> TRY IT
Every line with the string "bullet" must be copied from the entries below.

> MATERIAL SHOWN
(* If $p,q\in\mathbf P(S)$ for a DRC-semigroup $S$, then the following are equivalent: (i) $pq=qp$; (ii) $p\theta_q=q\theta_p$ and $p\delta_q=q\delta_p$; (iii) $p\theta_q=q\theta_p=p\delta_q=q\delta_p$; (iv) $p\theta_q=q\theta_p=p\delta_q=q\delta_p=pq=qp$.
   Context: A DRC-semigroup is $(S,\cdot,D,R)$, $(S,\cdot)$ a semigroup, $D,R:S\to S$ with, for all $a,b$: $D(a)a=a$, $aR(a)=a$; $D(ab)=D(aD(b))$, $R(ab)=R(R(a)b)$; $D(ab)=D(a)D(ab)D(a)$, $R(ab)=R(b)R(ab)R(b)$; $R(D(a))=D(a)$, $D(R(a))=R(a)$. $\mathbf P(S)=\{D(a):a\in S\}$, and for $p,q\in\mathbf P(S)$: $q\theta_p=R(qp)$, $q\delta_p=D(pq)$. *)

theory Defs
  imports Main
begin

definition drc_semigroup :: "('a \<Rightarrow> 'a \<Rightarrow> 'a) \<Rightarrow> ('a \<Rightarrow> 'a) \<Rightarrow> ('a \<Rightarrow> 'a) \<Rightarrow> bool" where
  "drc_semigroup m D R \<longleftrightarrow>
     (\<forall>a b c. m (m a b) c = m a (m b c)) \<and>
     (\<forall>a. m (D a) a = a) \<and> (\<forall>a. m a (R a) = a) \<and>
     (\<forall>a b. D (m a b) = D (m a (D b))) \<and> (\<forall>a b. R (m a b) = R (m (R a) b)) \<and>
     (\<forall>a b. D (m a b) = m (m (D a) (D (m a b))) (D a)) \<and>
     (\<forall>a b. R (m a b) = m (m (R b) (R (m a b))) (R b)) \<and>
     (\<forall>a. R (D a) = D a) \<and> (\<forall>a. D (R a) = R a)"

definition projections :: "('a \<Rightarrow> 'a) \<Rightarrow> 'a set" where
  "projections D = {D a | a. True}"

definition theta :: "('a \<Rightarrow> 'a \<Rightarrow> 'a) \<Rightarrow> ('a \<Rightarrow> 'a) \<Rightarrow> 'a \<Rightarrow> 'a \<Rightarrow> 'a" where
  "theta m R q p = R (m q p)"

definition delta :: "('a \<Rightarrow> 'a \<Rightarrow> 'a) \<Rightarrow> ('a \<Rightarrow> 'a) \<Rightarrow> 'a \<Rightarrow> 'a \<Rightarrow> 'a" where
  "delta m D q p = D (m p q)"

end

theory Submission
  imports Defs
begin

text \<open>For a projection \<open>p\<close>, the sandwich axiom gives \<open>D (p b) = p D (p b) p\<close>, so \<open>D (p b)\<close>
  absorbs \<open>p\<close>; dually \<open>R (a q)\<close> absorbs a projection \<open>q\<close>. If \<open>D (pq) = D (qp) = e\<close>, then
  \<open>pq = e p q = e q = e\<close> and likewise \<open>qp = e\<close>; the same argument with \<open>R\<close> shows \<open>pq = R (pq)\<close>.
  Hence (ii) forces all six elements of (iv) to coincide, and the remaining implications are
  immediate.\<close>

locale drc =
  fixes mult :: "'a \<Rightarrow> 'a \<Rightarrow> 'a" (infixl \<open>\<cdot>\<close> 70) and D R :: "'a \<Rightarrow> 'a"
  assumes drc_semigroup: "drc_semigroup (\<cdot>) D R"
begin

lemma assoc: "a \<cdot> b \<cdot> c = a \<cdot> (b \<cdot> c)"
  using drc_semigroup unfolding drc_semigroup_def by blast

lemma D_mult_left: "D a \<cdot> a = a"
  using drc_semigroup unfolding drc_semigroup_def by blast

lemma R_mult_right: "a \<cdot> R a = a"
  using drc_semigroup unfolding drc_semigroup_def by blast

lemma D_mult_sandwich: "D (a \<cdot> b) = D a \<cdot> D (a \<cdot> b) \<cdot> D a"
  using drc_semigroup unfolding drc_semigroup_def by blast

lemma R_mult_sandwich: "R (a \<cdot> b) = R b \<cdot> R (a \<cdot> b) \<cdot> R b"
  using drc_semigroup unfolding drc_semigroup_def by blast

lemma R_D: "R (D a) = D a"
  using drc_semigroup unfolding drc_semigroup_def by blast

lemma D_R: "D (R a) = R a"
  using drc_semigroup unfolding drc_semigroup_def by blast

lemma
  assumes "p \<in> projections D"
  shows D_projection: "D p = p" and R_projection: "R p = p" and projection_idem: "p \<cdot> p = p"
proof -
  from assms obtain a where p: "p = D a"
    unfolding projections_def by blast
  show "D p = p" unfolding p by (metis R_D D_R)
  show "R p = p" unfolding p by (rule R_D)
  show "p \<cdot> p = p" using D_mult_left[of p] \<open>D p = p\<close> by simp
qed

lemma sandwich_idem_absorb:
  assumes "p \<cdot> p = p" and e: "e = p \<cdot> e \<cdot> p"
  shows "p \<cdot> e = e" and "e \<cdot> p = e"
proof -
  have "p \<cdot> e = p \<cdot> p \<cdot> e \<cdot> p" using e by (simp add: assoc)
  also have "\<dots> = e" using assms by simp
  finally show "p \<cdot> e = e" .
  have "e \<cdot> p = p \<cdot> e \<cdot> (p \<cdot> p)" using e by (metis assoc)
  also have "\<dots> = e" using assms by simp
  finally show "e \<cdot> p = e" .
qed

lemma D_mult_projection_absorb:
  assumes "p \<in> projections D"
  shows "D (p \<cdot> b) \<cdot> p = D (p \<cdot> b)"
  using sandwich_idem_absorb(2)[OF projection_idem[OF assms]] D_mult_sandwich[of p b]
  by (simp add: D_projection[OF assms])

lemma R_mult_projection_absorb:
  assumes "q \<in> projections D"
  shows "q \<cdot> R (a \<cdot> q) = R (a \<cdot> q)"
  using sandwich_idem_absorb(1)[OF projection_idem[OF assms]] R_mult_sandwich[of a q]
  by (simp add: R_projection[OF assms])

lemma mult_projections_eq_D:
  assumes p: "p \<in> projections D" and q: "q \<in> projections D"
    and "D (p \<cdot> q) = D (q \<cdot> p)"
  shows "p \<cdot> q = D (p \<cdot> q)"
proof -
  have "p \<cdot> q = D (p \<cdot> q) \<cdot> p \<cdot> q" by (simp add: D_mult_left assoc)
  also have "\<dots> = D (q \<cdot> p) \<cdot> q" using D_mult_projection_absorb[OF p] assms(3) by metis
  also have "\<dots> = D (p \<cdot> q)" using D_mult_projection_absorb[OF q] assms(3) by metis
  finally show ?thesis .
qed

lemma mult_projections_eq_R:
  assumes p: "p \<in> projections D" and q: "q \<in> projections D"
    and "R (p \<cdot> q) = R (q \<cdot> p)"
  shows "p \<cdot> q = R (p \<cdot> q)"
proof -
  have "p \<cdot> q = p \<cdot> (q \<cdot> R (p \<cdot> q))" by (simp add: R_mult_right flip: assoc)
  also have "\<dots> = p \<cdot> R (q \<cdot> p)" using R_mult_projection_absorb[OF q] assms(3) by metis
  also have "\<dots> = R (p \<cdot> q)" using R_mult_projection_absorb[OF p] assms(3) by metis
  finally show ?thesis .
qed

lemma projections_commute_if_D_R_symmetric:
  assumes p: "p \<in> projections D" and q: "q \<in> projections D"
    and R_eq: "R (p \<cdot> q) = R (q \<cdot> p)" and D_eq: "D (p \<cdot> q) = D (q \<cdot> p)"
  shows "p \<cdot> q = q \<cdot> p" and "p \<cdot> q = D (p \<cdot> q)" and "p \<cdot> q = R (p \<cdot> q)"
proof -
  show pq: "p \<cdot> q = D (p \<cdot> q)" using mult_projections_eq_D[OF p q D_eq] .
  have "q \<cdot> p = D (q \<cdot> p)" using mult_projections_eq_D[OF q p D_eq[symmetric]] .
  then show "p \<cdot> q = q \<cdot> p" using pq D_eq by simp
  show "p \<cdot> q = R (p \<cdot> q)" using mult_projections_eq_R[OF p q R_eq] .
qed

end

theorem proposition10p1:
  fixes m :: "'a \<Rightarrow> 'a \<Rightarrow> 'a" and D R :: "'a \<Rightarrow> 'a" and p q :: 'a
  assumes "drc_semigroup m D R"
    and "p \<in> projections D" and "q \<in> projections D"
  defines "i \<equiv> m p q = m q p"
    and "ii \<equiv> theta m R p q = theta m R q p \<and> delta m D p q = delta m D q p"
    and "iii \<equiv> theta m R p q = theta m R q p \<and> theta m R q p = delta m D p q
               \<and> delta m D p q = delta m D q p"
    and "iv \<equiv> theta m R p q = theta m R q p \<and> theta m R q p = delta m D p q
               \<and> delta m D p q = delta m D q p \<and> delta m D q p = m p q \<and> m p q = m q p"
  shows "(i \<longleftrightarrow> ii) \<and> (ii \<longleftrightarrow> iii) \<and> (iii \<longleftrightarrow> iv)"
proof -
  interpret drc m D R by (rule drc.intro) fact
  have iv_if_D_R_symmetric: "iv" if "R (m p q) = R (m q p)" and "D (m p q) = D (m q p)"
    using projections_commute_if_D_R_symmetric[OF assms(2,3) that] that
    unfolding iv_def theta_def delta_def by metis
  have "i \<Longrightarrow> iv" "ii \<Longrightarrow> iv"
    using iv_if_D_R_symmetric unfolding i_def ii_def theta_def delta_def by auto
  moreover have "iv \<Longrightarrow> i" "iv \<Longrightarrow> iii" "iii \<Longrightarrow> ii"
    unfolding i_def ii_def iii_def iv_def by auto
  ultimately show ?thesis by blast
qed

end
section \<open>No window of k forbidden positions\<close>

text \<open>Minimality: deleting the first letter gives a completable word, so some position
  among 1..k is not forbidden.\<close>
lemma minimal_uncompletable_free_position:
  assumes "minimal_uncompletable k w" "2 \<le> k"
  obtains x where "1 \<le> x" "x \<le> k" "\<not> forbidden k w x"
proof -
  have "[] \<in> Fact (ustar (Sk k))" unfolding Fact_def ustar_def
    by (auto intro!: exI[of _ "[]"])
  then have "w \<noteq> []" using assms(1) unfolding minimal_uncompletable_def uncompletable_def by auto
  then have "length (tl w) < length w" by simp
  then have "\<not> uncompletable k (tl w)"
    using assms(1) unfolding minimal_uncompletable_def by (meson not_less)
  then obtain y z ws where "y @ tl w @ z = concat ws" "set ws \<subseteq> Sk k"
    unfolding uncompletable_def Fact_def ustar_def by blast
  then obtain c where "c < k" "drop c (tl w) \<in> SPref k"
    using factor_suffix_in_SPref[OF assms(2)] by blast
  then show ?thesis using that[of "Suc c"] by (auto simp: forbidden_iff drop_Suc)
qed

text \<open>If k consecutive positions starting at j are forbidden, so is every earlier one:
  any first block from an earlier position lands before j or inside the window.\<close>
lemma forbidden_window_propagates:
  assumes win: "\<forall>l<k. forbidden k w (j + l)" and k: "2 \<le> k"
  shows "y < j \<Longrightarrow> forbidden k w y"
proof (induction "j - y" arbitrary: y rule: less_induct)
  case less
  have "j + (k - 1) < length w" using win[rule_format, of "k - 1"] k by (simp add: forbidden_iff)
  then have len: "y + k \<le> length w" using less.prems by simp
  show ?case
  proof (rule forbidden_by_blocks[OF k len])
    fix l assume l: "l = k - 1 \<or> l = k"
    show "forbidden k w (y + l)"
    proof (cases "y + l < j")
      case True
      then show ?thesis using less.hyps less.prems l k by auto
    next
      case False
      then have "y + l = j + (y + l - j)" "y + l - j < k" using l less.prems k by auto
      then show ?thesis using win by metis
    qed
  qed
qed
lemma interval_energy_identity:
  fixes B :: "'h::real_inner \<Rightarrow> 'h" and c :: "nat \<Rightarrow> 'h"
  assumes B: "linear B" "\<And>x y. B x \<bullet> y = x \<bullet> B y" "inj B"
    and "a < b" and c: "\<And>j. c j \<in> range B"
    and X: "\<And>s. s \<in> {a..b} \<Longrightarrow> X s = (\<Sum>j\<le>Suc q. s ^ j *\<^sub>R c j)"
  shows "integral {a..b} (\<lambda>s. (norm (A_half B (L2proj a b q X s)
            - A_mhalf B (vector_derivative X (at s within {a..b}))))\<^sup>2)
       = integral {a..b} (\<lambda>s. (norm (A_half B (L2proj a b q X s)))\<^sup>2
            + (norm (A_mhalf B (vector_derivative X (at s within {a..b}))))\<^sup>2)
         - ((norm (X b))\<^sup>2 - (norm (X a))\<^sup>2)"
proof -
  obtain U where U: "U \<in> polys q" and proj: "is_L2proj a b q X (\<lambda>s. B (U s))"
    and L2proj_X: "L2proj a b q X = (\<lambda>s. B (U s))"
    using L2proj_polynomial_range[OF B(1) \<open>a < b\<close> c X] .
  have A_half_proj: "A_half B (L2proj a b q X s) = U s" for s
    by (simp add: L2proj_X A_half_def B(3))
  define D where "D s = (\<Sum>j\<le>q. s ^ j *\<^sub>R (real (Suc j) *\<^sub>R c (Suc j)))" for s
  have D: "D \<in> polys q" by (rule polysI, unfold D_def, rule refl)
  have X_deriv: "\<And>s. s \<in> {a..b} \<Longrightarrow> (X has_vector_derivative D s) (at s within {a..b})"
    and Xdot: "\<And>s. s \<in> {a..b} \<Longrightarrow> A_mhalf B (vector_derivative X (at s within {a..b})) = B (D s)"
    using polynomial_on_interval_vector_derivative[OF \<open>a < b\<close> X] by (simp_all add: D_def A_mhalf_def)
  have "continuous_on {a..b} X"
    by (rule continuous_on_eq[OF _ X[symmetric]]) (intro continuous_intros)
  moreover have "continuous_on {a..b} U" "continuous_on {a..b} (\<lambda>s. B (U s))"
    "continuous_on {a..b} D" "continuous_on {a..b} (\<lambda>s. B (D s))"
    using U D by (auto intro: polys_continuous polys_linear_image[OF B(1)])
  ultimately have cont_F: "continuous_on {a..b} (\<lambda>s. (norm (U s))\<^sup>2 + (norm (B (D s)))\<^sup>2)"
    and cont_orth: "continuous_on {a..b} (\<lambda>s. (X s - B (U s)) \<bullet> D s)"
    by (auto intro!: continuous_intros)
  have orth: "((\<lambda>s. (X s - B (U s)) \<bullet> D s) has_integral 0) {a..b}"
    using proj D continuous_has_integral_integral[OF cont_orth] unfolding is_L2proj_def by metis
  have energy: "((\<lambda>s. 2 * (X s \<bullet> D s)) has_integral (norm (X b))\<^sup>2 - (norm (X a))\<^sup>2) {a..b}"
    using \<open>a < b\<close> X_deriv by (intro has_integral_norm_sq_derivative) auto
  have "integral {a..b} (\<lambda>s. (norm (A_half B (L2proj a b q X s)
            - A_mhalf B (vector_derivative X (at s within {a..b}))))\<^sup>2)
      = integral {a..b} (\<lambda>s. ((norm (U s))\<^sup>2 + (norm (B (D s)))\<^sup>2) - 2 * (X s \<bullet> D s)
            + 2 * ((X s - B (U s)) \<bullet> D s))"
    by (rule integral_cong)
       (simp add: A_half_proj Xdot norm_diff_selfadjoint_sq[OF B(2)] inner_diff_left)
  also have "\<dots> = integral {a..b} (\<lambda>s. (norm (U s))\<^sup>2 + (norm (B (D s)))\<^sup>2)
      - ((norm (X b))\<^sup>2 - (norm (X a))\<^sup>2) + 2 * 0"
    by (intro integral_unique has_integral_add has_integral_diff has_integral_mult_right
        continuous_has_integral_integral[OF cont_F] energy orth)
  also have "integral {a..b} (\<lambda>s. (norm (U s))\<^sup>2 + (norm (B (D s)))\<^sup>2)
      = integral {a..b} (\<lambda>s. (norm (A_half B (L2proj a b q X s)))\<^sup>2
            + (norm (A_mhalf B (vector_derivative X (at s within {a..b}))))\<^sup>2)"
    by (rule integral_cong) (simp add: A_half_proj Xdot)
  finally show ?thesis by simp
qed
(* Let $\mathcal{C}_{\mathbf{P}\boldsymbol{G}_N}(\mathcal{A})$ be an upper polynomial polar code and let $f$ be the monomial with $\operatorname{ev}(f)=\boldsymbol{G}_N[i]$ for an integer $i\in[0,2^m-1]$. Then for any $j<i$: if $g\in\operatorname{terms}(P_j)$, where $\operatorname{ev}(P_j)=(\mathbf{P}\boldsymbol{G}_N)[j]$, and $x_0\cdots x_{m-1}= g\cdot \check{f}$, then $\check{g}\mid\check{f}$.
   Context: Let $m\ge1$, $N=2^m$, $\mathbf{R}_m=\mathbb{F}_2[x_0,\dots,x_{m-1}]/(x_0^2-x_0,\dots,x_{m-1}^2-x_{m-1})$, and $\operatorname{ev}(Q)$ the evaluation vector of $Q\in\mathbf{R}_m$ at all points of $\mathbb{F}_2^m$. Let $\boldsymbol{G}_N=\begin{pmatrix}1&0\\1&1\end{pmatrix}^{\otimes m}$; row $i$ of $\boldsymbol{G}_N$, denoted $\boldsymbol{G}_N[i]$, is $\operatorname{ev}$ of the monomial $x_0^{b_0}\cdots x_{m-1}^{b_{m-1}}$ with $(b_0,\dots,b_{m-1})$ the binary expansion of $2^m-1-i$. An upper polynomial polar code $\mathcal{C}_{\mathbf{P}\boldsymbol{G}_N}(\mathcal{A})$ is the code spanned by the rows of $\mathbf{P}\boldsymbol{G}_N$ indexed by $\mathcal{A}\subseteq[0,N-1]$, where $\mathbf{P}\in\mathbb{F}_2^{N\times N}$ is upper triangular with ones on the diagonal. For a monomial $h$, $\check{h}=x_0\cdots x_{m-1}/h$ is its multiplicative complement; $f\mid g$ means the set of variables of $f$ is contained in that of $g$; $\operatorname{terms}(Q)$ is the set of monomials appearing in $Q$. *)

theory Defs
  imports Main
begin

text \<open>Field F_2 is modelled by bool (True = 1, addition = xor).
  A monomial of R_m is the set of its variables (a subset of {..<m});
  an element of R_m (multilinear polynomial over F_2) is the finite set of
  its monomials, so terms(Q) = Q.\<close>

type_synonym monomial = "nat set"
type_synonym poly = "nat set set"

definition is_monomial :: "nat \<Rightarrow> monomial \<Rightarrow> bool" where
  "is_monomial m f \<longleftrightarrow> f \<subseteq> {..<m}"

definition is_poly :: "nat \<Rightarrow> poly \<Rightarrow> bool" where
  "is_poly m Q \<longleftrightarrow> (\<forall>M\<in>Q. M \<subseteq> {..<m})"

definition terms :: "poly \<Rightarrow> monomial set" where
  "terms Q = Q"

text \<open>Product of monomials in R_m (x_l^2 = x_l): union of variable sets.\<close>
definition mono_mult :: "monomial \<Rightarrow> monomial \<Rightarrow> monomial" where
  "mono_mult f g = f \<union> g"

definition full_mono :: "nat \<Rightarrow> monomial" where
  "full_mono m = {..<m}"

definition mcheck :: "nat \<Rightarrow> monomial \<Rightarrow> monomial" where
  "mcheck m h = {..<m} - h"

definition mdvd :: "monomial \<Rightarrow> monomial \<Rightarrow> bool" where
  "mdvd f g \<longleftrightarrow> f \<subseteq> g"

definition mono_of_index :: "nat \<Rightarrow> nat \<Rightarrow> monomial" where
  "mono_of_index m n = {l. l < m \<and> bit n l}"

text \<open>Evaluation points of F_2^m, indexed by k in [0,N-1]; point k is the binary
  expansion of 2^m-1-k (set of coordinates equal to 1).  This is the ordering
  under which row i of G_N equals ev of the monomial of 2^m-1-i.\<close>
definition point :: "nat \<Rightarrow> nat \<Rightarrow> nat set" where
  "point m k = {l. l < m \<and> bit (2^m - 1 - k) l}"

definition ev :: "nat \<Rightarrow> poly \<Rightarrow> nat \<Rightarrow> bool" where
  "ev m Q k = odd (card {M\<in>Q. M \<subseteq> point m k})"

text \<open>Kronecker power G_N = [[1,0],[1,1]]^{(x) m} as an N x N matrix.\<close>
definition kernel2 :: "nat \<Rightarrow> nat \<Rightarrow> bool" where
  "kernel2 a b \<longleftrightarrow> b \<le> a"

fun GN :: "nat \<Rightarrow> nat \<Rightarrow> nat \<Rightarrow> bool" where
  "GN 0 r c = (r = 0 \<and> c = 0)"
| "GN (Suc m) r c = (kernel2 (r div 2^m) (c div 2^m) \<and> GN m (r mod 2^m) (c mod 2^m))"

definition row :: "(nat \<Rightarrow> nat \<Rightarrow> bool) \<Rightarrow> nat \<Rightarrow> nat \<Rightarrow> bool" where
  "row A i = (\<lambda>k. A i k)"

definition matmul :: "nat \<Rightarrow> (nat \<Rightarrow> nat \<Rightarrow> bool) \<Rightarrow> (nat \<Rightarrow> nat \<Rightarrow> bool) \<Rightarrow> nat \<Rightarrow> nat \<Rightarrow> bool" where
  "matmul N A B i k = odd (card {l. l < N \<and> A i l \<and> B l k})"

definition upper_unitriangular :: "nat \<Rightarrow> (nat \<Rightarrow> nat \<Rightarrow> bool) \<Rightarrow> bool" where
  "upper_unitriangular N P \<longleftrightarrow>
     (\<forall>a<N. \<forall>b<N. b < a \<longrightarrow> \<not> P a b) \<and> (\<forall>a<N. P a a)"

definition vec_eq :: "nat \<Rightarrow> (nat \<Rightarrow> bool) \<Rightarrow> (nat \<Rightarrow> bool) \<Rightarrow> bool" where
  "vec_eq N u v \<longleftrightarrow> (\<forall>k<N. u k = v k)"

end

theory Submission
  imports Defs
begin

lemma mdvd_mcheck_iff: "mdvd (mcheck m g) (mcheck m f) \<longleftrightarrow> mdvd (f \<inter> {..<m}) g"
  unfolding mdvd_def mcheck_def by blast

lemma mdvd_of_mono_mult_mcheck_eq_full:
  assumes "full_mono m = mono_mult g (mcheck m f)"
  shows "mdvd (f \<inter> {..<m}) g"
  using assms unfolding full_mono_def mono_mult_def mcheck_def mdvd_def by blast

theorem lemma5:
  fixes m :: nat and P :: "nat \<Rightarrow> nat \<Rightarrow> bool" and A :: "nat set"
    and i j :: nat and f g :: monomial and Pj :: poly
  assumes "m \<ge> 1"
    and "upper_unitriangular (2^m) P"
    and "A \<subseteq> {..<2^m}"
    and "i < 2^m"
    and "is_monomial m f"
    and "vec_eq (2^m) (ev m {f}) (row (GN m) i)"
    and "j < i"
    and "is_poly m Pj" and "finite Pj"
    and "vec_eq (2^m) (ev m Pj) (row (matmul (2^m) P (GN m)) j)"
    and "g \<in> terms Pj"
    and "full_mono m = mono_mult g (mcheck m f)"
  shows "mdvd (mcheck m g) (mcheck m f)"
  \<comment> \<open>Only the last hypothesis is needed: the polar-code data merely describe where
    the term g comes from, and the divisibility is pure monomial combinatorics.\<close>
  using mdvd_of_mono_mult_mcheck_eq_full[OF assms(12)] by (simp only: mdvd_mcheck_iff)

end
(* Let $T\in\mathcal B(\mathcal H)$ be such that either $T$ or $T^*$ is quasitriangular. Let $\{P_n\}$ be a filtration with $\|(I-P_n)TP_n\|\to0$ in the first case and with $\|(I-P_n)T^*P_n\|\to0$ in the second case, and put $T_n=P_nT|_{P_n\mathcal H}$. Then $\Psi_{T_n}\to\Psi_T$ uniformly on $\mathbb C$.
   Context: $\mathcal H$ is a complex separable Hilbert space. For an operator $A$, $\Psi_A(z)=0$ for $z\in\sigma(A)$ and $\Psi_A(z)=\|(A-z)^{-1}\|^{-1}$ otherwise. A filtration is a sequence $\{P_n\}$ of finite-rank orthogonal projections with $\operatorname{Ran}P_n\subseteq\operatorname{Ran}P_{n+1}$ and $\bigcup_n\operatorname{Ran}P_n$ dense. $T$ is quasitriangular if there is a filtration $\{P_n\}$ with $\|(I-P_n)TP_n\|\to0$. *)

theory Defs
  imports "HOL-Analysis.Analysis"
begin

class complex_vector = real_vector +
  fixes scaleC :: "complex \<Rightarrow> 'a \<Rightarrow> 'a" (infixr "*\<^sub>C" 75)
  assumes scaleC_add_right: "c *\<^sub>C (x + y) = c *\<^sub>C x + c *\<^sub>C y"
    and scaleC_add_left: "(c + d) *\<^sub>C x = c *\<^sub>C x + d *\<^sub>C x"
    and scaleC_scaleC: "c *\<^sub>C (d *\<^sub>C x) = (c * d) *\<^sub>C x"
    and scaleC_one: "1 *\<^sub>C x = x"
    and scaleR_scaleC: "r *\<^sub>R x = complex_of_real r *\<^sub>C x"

> REPLY TO THE EXERCISE
  assumes B: "linear B" "\<And>x y. B x \<bullet> y = x \<bullet> B y" "inj B"
    and cont_orth: "continuous_on {a..b} (\<lambda>s. (X s - B (U s)) \<bullet> D s)"
  have orth: "((\<lambda>s. (X s - B (U s)) \<bullet> D s) has_integral 0) {a..b}"
  have energy: "((\<lambda>s. 2 * (X s \<bullet> D s)) has_integral (norm (X b))\<^sup>2 - (norm (X a))\<^sup>2) {a..b}"
      = integral {a..b} (\<lambda>s. ((norm (U s))\<^sup>2 + (norm (B (D s)))\<^sup>2) - 2 * (X s \<bullet> D s)
            + 2 * ((X s - B (U s)) \<bullet> D s))"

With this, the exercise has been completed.